Collected data:

★ ★ ★ ★

lemma lookup_Abs_poly_mapping_finite_support:
  "finite A \<Longrightarrow> (\<And>z. z \<notin> A \<Longrightarrow> g z = 0) \<Longrightarrow> Poly_Mapping.lookup (Abs_poly_mapping g) = g"
  by (rule lookup_Abs_poly_mapping) (metis (mono_tags) finite_subset mem_Collect_eq subsetI)

definition half_one_vector :: "'a set \<Rightarrow> 'a set \<Rightarrow> 'a \<Rightarrow>\<^sub>0 rat" where
  "half_one_vector A B = Abs_poly_mapping (\<lambda>z. if z \<in> A then 1 / 2 else if z \<in> B then 1 else 0)"

lemma lookup_half_one_vector:
  "finite A \<Longrightarrow> finite B \<Longrightarrow>
    Poly_Mapping.lookup (half_one_vector A B) z = (if z \<in> A then 1 / 2 else if z \<in> B then 1 else 0)"
  unfolding half_one_vector_def
  by (subst lookup_Abs_poly_mapping_finite_support[of "A \<union> B"]) auto

lemma pigeonhole_nat_pair:
  fixes g :: "nat \<Rightarrow> nat"
  assumes "\<And>a. a \<le> k \<Longrightarrow> g a < k"
  obtains a a' where "a < a'" "a' \<le> k" "g a = g a'"
proof -
  have "\<not> inj_on g {..k}"
  proof
    assume "inj_on g {..k}"
    moreover have "g ` {..k} \<subseteq> {..<k}" using assms by auto
    ultimately have "card {..k} \<le> card {..<k}" by (intro card_inj_on_le) auto
    then show False by simp
  qed
  then obtain a a' where "a \<le> k" "a' \<le> k" "a \<noteq> a'" "g a = g a'"
    unfolding inj_on_def by auto
  then show ?thesis using that by (metis linorder_neqE_nat)
qed

locale well_order_UNIV =
  fixes r :: "'a rel"
  assumes well_order: "Well_order r" and Field_UNIV: "Field r = UNIV"
begin

definition prec :: "'a \<Rightarrow> 'a \<Rightarrow> bool" (infix "\<prec>" 50) where
  "a \<prec> b \<longleftrightarrow> (a, b) \<in> r \<and> a \<noteq> b"

lemma r_refl: "(a, a) \<in> r"
  using wo_rel.REFL[of r] well_order Field_UNIV unfolding wo_rel_def refl_on_def by auto

lemma prec_irrefl: "\<not> a \<prec> a"
  by (simp add: prec_def)

lemma prec_asym: "a \<prec> b \<Longrightarrow> \<not> b \<prec> a"
  using wo_rel.ANTISYM[of r] well_order unfolding wo_rel_def antisym_def prec_def by blast

lemma prec_trans: "a \<prec> b \<Longrightarrow> b \<prec> c \<Longrightarrow> a \<prec> c"
  using wo_rel.TRANS[of r] well_order prec_asym unfolding wo_rel_def trans_def prec_def by blast

lemma prec_linear: "a \<noteq> b \<Longrightarrow> a \<prec> b \<or> b \<prec> a"
  using wo_rel.TOTALS[of r] well_order Field_UNIV unfolding wo_rel_def prec_def by auto

lemma not_prec: "\<not> a \<prec> b \<Longrightarrow> b = a \<or> b \<prec> a"
  using prec_linear by blast

lemma wf_prec: "wf {(a, b). a \<prec> b}"
proof -
  have "{(a, b). a \<prec> b} = r - Id" by (auto simp: prec_def)
  then show ?thesis using wo_rel.WF[of r] well_order unfolding wo_rel_def by simp
qed

lemma prec_induct: "(\<And>y. (\<And>z. z \<prec> y \<Longrightarrow> P z) \<Longrightarrow> P y) \<Longrightarrow> P x"
  using wf_induct[OF wf_prec, of P x] by blast

lemma ex_prec_minimal:
  assumes "x \<in> A"
  shows "\<exists>a\<in>A. \<forall>b\<in>A. \<not> b \<prec> a"
proof -
  obtain a where "a \<in> A" "\<And>b. (b, a) \<in> {(a, b). a \<prec> b} \<Longrightarrow> b \<notin> A"
    by (rule wfE_min[OF wf_prec assms]) (rule that)
  then show ?thesis by blast
qed

lemma finite_ex_prec_maximum: "finite A \<Longrightarrow> A \<noteq> {} \<Longrightarrow> \<exists>a\<in>A. \<forall>b\<in>A. b \<noteq> a \<longrightarrow> b \<prec> a"
proof (induction A rule: finite_induct)
  case (insert x F)
  show ?case
  proof (cases "F = {}")
    case True
    then show ?thesis by auto
  next
    case False
    then obtain a where a: "a \<in> F" "\<forall>b\<in>F. b \<noteq> a \<longrightarrow> b \<prec> a" using insert by auto
    show ?thesis
    proof (cases "x \<prec> a")
      case True
      then have "\<forall>b\<in>insert x F. b \<noteq> a \<longrightarrow> b \<prec> a" using a by blast
      then show ?thesis using a(1) by blast
    next
      case False
      then have "a \<prec> x" using insert(2) a(1) not_prec by blast
      have "b \<prec> x" if "b \<in> F" for b
        using a \<open>a \<prec> x\<close> that prec_trans by (cases "b = a") auto
      then have "\<forall>b\<in>insert x F. b \<noteq> x \<longrightarrow> b \<prec> x" by blast
      then show ?thesis by blast
    qed
  qed
qed simp

section \<open>The Erd\<ouml>s-Rado tree\<close>

text \<open>\<open>on_branch X f n x y\<close>: in the end-homogeneity tree of \<open>f\<close> on \<open>X\<close>, \<open>y\<close> lies below \<open>x\<close>
  on the branch of \<open>x\<close>, i.e. \<open>f\<close> cannot tell \<open>y\<close> from \<open>x\<close> on top of any \<open>n\<close> earlier
  elements of that branch.\<close>

definition on_branch :: "'a set \<Rightarrow> ('a set \<Rightarrow> nat) \<Rightarrow> nat \<Rightarrow> 'a \<Rightarrow> 'a \<Rightarrow> bool" where
  "on_branch X f n x = wfrec {(a, b). a \<prec> b} (\<lambda>h y. y \<in> X \<and> y \<prec> x \<and>
     (\<forall>s. s \<subseteq> {z. z \<prec> y \<and> h z} \<and> finite s \<and> card s \<le> n \<longrightarrow> f (insert y s) = f (insert x s)))"

lemma on_branch_iff:
  "on_branch X f n x y \<longleftrightarrow> y \<in> X \<and> y \<prec> x \<and>
     (\<forall>s. s \<subseteq> {z. z \<prec> y \<and> on_branch X f n x z} \<and> finite s \<and> card s \<le> n
        \<longrightarrow> f (insert y s) = f (insert x s))"
proof -
  have "{z. z \<prec> y \<and> cut (on_branch X f n x) {(a, b). a \<prec> b} y z}
      = {z. z \<prec> y \<and> on_branch X f n x z}"
    by (auto simp: cut_apply)
  then show ?thesis
    by (subst on_branch_def, subst wfrec[OF wf_prec]) (simp add: on_branch_def[symmetric])
qed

★ ★ ★ ★

__Task prompt__
Copy out every line of the entries where the string "tree" shows up.

__Answer__
section \<open>The Erd\<ouml>s-Rado tree\<close>
text \<open>\<open>on_branch X f n x y\<close>: in the end-homogeneity tree of \<open>f\<close> on \<open>X\<close>, \<open>y\<close> lies below \<open>x\<close>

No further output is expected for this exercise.